Are there alternatives to using bad stock images with your content or is “bad” just a matter of taste? What do you think?
To expand, do many—most?—organisations fall back on clichéd stock imagery because they think it’s good? My short answer is, ‘Partly so, yes’.
But if the rise of content marketing, meaning a flood of content of all qualities that enters an already crowded media mix, has taught us anything, it’s that details matter.
We’ve spoke previously on these pages about using images with proper attribution (Getting Creative Commons, commercially). We recommend using services such as Photopin and then choosing an appropriate Creative Commons licence to use images responsibly.

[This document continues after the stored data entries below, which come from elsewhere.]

lemma on_plateau_index:
  assumes "n > 0" "on_plateau n t"
  obtains k where "k < n" "nat \<lfloor>real n * t\<rfloor> = k" "squash n t \<in> {real k / n..(real k + 1) / n}"
proof -
  obtain k where k: "k < n" "3 * real k + 1 \<le> 3 * real n * t" "3 * real n * t \<le> 3 * real k + 2"
    using assms(2) unfolding on_plateau_def by blast
  have "dist t t < 1 / (3 * real n)"
    using assms(1) by simp
  from k(1) near_plateau(2)[OF k this] near_plateau(1)[OF k this] show thesis
    by (rule that)
qed

definition plateau_loop :: "nat \<Rightarrow> (nat \<Rightarrow> 'a) \<Rightarrow> (real \<Rightarrow> 'a) \<Rightarrow> real \<Rightarrow> 'a" where
  "plateau_loop n C f t = (if on_plateau n t then C (nat \<lfloor>real n * t\<rfloor>) else f (squash n t))"

lemma continuous_map_plateau_loop:
  assumes fin: "finite (topspace X)" and n: "n > 0"
    and f: "\<And>x. x \<in> {0..1} \<Longrightarrow> f x \<in> topspace X"
    and below: "\<And>k x. k < n \<Longrightarrow> x \<in> {real k / n..(real k + 1) / n} \<Longrightarrow> spec_le X (f x) (C k)"
  shows "continuous_map (top_of_set {0..1}) X (plateau_loop n C f)"
  unfolding continuous_map_into_finite_space_iff[OF fin]
proof
  fix t :: real assume t: "t \<in> {0..1}"
  show "plateau_loop n C f t \<in> topspace X \<and>
    (\<exists>e>0. \<forall>s\<in>{0..1}. dist s t < e \<longrightarrow> spec_le X (plateau_loop n C f s) (plateau_loop n C f t))"
  proof (cases "on_plateau n t")
    case True
    then obtain k where k: "k < n" "3 * real k + 1 \<le> 3 * real n * t" "3 * real n * t \<le> 3 * real k + 2"
      unfolding on_plateau_def by blast
    have "real k / n \<in> {real k / n..(real k + 1) / n}"
      by (auto intro: divide_right_mono)
    from spec_le_topspace[OF below[OF k(1) this]] have Ck: "C k \<in> topspace X"
      by simp
    have "spec_le X (plateau_loop n C f s) (C k)" if "dist s t < 1 / (3 * real n)" for s
      using near_plateau[OF k that] below[OF k(1)] spec_le_refl[OF Ck]
      by (simp add: plateau_loop_def)
    moreover have "plateau_loop n C f t = C k"
      using near_plateau(2)[OF k, of t] n True by (simp add: plateau_loop_def)
    ultimately show ?thesis
      using Ck n by (intro conjI exI[of _ "1 / (3 * real n)"]) auto
  next
    case False
    obtain e where "e > 0" and e: "\<And>s. dist s t < e \<Longrightarrow> \<not> on_plateau n s \<and> squash n s = squash n t"
      using off_plateau_locally_constant[OF n t False] by blast
    have "squash n t \<in> {0..1}"
      using squash_bounds[of n t] by simp
    then have top: "plateau_loop n C f t \<in> topspace X"
      using f False by (simp add: plateau_loop_def)
    have "spec_le X (plateau_loop n C f s) (plateau_loop n C f t)" if "dist s t < e" for s
      using e[OF that] False spec_le_refl[OF top] by (simp add: plateau_loop_def)
    then show ?thesis
      using \<open>e > 0\<close> top by blast
  qed
qed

But as plenty of other places will tell you, you can either say, ‘To hell with all that, let’s just scrape the internet!’—which we think is bad, for all kinds of reasons—or use an expensive stock photography service. You can also use a number of sources where images don’t even necessarily need a credit (like this list or this one). In short, anyone creating content now has lots of image choices.
Newscred’s Liz Bedor in the summer published a great post comparing the hackneyed old way of doing images and what we might call the new way. You know this type of thing when you see it and, especially for content that is a bit conceptually abstract, this really helps.
If you don’t have the good image gene, then there’s quite possibly this rule of thumb: If the image looks like it came free with PowerPoint, then give it a miss (even in PowerPoint); if it looks like it came from one of your favourite magazines or Instagram then you stand a chance.
Ironically, Vince Vaughn and stars from the comedy “Unfinished Business” were posed in bad pastiche versions of stock photography to promote that film—the film-makers knowing it’d be great promotion because they’re funny. The irony is either that these images are so bad they’re good… or that the film itself wasn’t that good. Your pick.
The other option we haven’t talked about is creating your own images—photography, illustrations and so on. That might not be easy for some, but at least on your own website and other assets it’s what people want to see. The guys at Hinge Marketing nailed why good photography is important. While there is a bar to creating your own images—either by doing it yourself or hiring a professional photographer—we’d encourage clients to try.
We’ve said before that the word ‘authenticity’ is over-used. But with images, the authentic often trumps a professional-but-bland approach. Give it a try.